[REQUIRED ACTION]:
Whenever a line in the data holds the string "lemma", pull that line out.

###

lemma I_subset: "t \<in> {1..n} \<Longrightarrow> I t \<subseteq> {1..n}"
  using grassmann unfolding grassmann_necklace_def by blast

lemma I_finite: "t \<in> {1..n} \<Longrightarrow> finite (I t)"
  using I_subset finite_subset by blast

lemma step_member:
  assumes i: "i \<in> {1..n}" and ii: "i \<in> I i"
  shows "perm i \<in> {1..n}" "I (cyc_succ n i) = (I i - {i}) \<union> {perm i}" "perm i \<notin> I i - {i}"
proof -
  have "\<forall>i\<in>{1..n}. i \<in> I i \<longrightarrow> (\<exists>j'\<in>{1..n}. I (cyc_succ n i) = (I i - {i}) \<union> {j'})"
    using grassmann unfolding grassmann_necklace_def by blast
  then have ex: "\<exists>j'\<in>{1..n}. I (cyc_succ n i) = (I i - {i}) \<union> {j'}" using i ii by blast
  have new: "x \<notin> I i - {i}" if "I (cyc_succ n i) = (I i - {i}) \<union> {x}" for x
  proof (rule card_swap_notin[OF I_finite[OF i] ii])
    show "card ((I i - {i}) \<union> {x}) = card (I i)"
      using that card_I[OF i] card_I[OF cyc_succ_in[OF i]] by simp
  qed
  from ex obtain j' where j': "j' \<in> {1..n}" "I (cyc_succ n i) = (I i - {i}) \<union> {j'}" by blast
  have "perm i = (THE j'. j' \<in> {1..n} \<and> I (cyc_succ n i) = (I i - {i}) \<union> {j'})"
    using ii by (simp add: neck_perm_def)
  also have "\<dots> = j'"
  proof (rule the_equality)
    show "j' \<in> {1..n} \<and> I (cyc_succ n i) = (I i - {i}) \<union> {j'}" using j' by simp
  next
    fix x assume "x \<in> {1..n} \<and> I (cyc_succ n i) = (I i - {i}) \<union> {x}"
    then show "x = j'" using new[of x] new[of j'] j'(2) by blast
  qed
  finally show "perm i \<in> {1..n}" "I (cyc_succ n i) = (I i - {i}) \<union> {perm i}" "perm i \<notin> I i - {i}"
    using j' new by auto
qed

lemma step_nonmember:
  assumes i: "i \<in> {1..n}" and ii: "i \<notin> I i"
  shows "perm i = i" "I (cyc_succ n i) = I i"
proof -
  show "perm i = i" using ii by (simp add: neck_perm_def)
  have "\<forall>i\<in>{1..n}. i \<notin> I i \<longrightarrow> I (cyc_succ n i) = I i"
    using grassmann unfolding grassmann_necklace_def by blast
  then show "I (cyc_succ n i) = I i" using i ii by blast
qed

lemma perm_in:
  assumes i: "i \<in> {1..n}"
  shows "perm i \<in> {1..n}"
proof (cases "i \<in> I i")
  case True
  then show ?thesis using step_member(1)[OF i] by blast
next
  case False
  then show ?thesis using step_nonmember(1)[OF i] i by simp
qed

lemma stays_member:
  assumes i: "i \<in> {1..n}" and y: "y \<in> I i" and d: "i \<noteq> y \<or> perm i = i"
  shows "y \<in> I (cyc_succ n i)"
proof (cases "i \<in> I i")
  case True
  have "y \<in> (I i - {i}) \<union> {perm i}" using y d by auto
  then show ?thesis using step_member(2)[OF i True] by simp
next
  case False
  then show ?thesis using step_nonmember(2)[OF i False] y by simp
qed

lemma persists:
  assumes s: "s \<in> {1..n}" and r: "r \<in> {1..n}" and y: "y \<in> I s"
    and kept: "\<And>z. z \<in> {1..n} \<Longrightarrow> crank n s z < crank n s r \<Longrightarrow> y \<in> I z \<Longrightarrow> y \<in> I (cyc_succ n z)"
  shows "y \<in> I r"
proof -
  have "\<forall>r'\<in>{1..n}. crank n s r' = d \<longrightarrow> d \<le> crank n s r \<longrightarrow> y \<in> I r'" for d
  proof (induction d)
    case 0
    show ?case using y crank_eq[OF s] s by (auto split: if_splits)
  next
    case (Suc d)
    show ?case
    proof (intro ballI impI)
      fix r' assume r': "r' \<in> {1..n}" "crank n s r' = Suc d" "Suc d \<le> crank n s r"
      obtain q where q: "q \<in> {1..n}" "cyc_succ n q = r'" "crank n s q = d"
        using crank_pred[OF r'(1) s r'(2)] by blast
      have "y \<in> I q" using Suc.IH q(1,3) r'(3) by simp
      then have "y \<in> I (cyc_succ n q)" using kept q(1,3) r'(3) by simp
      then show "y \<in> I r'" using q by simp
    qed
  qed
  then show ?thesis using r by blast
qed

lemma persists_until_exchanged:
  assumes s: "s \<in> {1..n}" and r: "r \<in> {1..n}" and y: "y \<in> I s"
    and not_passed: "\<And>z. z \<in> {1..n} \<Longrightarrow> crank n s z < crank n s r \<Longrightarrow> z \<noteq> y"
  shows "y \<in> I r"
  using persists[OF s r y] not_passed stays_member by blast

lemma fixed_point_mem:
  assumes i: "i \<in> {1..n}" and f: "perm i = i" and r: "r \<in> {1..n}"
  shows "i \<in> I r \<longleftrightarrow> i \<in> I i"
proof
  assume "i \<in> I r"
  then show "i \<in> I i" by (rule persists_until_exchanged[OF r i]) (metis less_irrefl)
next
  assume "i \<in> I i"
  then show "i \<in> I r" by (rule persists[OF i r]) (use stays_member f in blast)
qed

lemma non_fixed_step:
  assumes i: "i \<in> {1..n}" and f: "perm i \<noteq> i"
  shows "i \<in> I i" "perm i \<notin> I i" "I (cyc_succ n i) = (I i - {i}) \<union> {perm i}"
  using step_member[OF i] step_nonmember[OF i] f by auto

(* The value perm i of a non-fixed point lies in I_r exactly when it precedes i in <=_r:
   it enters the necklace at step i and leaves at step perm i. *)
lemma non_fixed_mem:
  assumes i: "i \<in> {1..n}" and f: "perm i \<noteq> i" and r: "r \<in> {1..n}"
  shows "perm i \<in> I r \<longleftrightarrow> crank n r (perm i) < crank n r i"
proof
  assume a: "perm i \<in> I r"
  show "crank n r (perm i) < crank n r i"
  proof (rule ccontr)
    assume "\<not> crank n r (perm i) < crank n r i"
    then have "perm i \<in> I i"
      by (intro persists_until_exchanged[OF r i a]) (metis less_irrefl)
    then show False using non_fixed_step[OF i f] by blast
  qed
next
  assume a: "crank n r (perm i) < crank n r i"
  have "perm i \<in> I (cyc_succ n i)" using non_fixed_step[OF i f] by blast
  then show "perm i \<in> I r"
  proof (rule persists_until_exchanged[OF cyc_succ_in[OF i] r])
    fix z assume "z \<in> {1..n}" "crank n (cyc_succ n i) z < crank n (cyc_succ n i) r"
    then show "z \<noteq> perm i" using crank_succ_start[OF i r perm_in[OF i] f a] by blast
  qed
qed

###

[WRITTEN REPLY]:
lemma I_subset: "t \<in> {1..n} \<Longrightarrow> I t \<subseteq> {1..n}"
lemma I_finite: "t \<in> {1..n} \<Longrightarrow> finite (I t)"
lemma step_member:
lemma step_nonmember:
lemma perm_in:
lemma stays_member:
lemma persists:
lemma persists_until_exchanged:
lemma fixed_point_mem:
lemma non_fixed_step:
lemma non_fixed_mem:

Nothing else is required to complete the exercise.